START Data shown

locale normalized_cocycle = simplicial X d s
  for X :: "nat \<Rightarrow> 'x set" and d s :: "nat \<Rightarrow> nat \<Rightarrow> 'x \<Rightarrow> 'x" +
  fixes \<gamma> :: "'x \<Rightarrow> 'h::ab_group_add"
  assumes cocycle: "normalized_2_cocycle X d s \<gamma>"
begin

abbreviation \<eta> :: "nat \<Rightarrow> 'x \<Rightarrow> 'h list" where
  "\<eta> \<equiv> eta_cocycle \<gamma> d"

lemma cocycle_degen_eq_0: "y \<in> X 1 \<Longrightarrow> j \<le> 1 \<Longrightarrow> \<gamma> (s 1 j y) = 0"
  using cocycle unfolding normalized_2_cocycle_def by blast

lemma eta_degen_0: "x \<in> X n \<Longrightarrow> \<eta> (Suc n) (s n 0 x) = replicate n 0"
proof (cases n)
  case (Suc m)
  assume x: "x \<in> X n"
  have "front_face d 2 m (s (Suc m) 0 x) = s 1 0 (front_face d 1 m x)"
    using front_face_degen_below[of 0 1 x m] x Suc by (simp add: numeral_2_eq_2)
  moreover have "front_face d 1 m x \<in> X 1"
    using front_face_closed[of x 1 m] x Suc by simp
  ultimately have "\<gamma> (front_face d 2 m (s (Suc m) 0 x)) = 0"
    using cocycle_degen_eq_0 by simp
  then show ?thesis
    using x Suc
    by (simp add: eta_cocycle_Suc_Suc face_degen_eq face_degen_Suc_eq nerve_minus_self
        length_eta_cocycle)
qed simp

lemma eta_degen_1: "x \<in> X (Suc m) \<Longrightarrow> \<eta> (Suc (Suc m)) (s (Suc m) 1 x) = 0 # \<eta> (Suc m) x"
proof -
  assume x: "x \<in> X (Suc m)"
  have "front_face d 2 m (s (Suc m) 1 x) = s 1 1 (front_face d 1 m x)"
    using front_face_degen_below[of 1 1 x m] x by (simp add: numeral_2_eq_2)
  moreover have "front_face d 1 m x \<in> X 1"
    using front_face_closed[of x 1 m] x by simp
  ultimately have "\<gamma> (front_face d 2 m (s (Suc m) 1 x)) = 0"
    using cocycle_degen_eq_0 by simp
  moreover have "d (Suc (Suc m)) 0 (s (Suc m) 1 x) = s m 0 (d (Suc m) 0 x)"
    using face_degen_less[of 0 0 m x] x by simp
  ultimately show ?thesis
    using x
    by (simp add: eta_cocycle_Suc_Suc face_degen_eq eta_degen_0 face_closed
        nerve_minus_replicate_zero length_eta_cocycle)
qed

lemma eta_degen:
  "x \<in> X (Suc m) \<Longrightarrow> j \<le> m \<Longrightarrow>
    \<eta> (Suc (Suc m)) (s (Suc m) (Suc j) x) = nerve_degen m j (\<eta> (Suc m) x)"
proof (induction m arbitrary: j x)
  case 0
  then show ?case using eta_degen_1[of x 0] by (simp add: nerve_degen_0)
next
  case (Suc m)
  show ?case
  proof (cases j)
    case 0
    then show ?thesis using eta_degen_1[of x "Suc m"] Suc.prems by (simp add: nerve_degen_0)
  next
    case (Suc j')
    have faces: "d (Suc (Suc (Suc m))) i (s (Suc (Suc m)) (Suc j) x)
        = s (Suc m) j (d (Suc (Suc m)) i x)" if "i \<le> 1" for i
      using face_degen_less[of i j "Suc m" x] Suc Suc.prems that by simp
    have "front_face d 2 (Suc m) (s (Suc (Suc m)) (Suc j) x) = front_face d 2 m x"
      using front_face_degen_above[of 2 "Suc j" m x] Suc Suc.prems by (simp add: numeral_2_eq_2)
    then have "\<eta> (Suc (Suc (Suc m))) (s (Suc (Suc m)) (Suc j) x)
        = \<gamma> (front_face d 2 m x) #
          nerve_minus (nerve_degen m j' (\<eta> (Suc m) (d (Suc (Suc m)) 1 x)))
            (nerve_degen m j' (\<eta> (Suc m) (d (Suc (Suc m)) 0 x)))"
      using Suc Suc.prems faces[of 0] faces[of 1] Suc.IH[of _ j'] face_closed
      by (simp add: eta_cocycle_Suc_Suc[of _ _ "Suc m"])
    also have "\<dots> = nerve_degen (Suc m) j (\<eta> (Suc (Suc m)) x)"
      unfolding eta_cocycle_Suc_Suc[of _ _ m] Suc
      by (simp add: nerve_degen_Suc_Cons nerve_degen_minus length_eta_cocycle)
    finally show ?thesis .
  qed
qed

lemma eta_face_1:
  assumes x: "x \<in> X (Suc (Suc (Suc m)))"
  shows "nerve_face (Suc (Suc m)) 1 (\<eta> (Suc (Suc (Suc m))) x)
    = \<eta> (Suc (Suc m)) (d (Suc (Suc (Suc m))) 2 x)"
proof -
  define y where "y = front_face d 3 m x"
  have y: "y \<in> X 3"
    using front_face_closed[of x 3 m] x unfolding y_def by (simp add: numeral_3_eq_3)
  have top: "front_face d 2 (Suc m) x = d 3 3 y"
    unfolding y_def front_face_Suc_eq_face by (simp add: numeral_3_eq_3)
  have front_faces: "front_face d 2 m (d (Suc (Suc (Suc m))) i x) = d 3 i y" if "i \<le> 3" for i
    using front_face_face_below[of i 2 x m] x that unfolding y_def by (simp add: numeral_3_eq_3)
  have faces:
    "d (Suc (Suc m)) 1 (d (Suc (Suc (Suc m))) 1 x) = d (Suc (Suc m)) 1 (d (Suc (Suc (Suc m))) 2 x)"
    "d (Suc (Suc m)) 0 (d (Suc (Suc (Suc m))) 1 x) = d (Suc (Suc m)) 0 (d (Suc (Suc (Suc m))) 0 x)"
    "d (Suc (Suc m)) 1 (d (Suc (Suc (Suc m))) 0 x) = d (Suc (Suc m)) 0 (d (Suc (Suc (Suc m))) 2 x)"
    using face_face[of 1 1 "Suc m" x] face_face[of 0 0 "Suc m" x] face_face[of 0 1 "Suc m" x] x
    by (simp_all add: numeral_2_eq_2)
  have "nerve_face (Suc (Suc m)) 1 (\<eta> (Suc (Suc (Suc m))) x)
      = (\<gamma> (d 3 3 y) + (\<gamma> (d 3 1 y) - \<gamma> (d 3 0 y))) #
        nerve_minus (\<eta> (Suc m) (d (Suc (Suc m)) 1 (d (Suc (Suc (Suc m))) 2 x)))
          (\<eta> (Suc m) (d (Suc (Suc m)) 0 (d (Suc (Suc (Suc m))) 2 x)))"
    unfolding eta_cocycle_Suc_Suc[of _ _ "Suc m"] eta_cocycle_Suc_Suc[of _ _ m]
    using top front_faces[of 0] front_faces[of 1] faces
    by (simp add: nerve_face_1_Cons_Cons nerve_minus_cancel length_eta_cocycle)
  also have "\<gamma> (d 3 3 y) + (\<gamma> (d 3 1 y) - \<gamma> (d 3 0 y)) = \<gamma> (d 3 2 y)"
    using cocycle y unfolding normalized_2_cocycle_def by (simp add: algebra_simps)
  also have "\<gamma> (d 3 2 y) #
        nerve_minus (\<eta> (Suc m) (d (Suc (Suc m)) 1 (d (Suc (Suc (Suc m))) 2 x)))
          (\<eta> (Suc m) (d (Suc (Suc m)) 0 (d (Suc (Suc (Suc m))) 2 x)))
      = \<eta> (Suc (Suc m)) (d (Suc (Suc (Suc m))) 2 x)"
    using front_faces[of 2] by (simp add: eta_cocycle_Suc_Suc[of _ _ m])
  finally show ?thesis .
qed

lemma eta_face:
  "x \<in> X (Suc (Suc m)) \<Longrightarrow> 0 < i \<Longrightarrow> i \<le> Suc m \<Longrightarrow>
    nerve_face (Suc m) i (\<eta> (Suc (Suc m)) x) = \<eta> (Suc m) (d (Suc (Suc m)) (Suc i) x)"
proof (induction m arbitrary: i x)
  case 0
  then show ?case by (simp add: nerve_face_def eta_cocycle.simps)
next
  case (Suc m)
  show ?case
  proof (cases "i = 1")
    case True
    then show ?thesis using eta_face_1 Suc.prems by (simp add: numeral_2_eq_2)
  next
    case False
    then obtain i' where i: "i = Suc i'" "0 < i'" "i' \<le> Suc m"
      using Suc.prems by (metis Suc_le_mono gr0_conv_Suc not_gr0 One_nat_def)
    have faces: "d (Suc (Suc m)) k (d (Suc (Suc (Suc m))) (Suc i) x)
        = d (Suc (Suc m)) i (d (Suc (Suc (Suc m))) k x)" if "k \<le> 1" for k
      using face_face[of k i "Suc m" x] Suc.prems i that by simp
    have "front_face d 2 m (d (Suc (Suc (Suc m))) (Suc i) x) = front_face d 2 (Suc m) x"
      using front_face_face_above[of 2 "Suc i" m x] Suc.prems i by (simp add: numeral_2_eq_2)
    then have "\<eta> (Suc (Suc m)) (d (Suc (Suc (Suc m))) (Suc i) x)
        = \<gamma> (front_face d 2 (Suc m) x) #
          nerve_minus (nerve_face (Suc m) i' (\<eta> (Suc (Suc m)) (d (Suc (Suc (Suc m))) 1 x)))
            (nerve_face (Suc m) i' (\<eta> (Suc (Suc m)) (d (Suc (Suc (Suc m))) 0 x)))"
      using Suc.prems i faces[of 0] faces[of 1] Suc.IH[of _ i'] face_closed
      by (simp add: eta_cocycle_Suc_Suc[of _ _ m])
    also have "\<dots> = nerve_face (Suc (Suc m)) i (\<eta> (Suc (Suc (Suc m))) x)"
      unfolding eta_cocycle_Suc_Suc[of _ _ "Suc m"] i
      using i by (simp add: nerve_face_Suc_Cons nerve_face_minus length_eta_cocycle)
    finally show ?thesis by (rule sym)
  qed
qed

end

theorem mainTheorem10:
  fixes X :: "nat \<Rightarrow> 'x set" and d s :: "nat \<Rightarrow> nat \<Rightarrow> 'x \<Rightarrow> 'x"
    and \<gamma> :: "'x \<Rightarrow> 'h::ab_group_add"
  assumes "simplicial_set X d s"
    and "normalized_2_cocycle X d s \<gamma>"
  shows "twisting_function X d s (eta_cocycle \<gamma> d)"
proof -
  interpret normalized_cocycle X d s \<gamma>
    by unfold_locales (fact assms)+
  have dim_ge_2: "\<exists>m. n = Suc (Suc m)" if "2 \<le> n" for n :: nat
    using that by (metis add_2_eq_Suc le_Suc_ex)
  show ?thesis
    unfolding twisting_function_def
  proof (intro conjI allI impI)
    fix n :: nat and x
    assume "2 \<le> n"
    then show "nerve_face (n - 1) 0 (\<eta> n x)
        = nerve_minus (\<eta> (n - 1) (d n 1 x)) (\<eta> (n - 1) (d n 0 x))"
      using dim_ge_2[of n] by (auto simp: eta_cocycle_Suc_Suc)
  next
    fix n i :: nat and x
    assume "2 \<le> n" "0 < i" "i \<le> n - 1" "x \<in> X n"
    then show "nerve_face (n - 1) i (\<eta> n x) = \<eta> (n - 1) (d n (Suc i) x)"
      using dim_ge_2 eta_face by fastforce
  next
    fix n j :: nat and x
    assume "0 < j" "j \<le> n" "x \<in> X n"
    then show "\<eta> (Suc n) (s n j x) = nerve_degen (n - 1) (j - 1) (\<eta> n x)"
      using eta_degen[of x "n - 1" "j - 1"] by simp
  qed (simp_all add: length_eta_cocycle eta_degen_0)
qed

END Data shown

Your assignment -
Pull every line with "induction" from the records.

Written answer -
proof (induction m arbitrary: j x)
proof (induction m arbitrary: i x)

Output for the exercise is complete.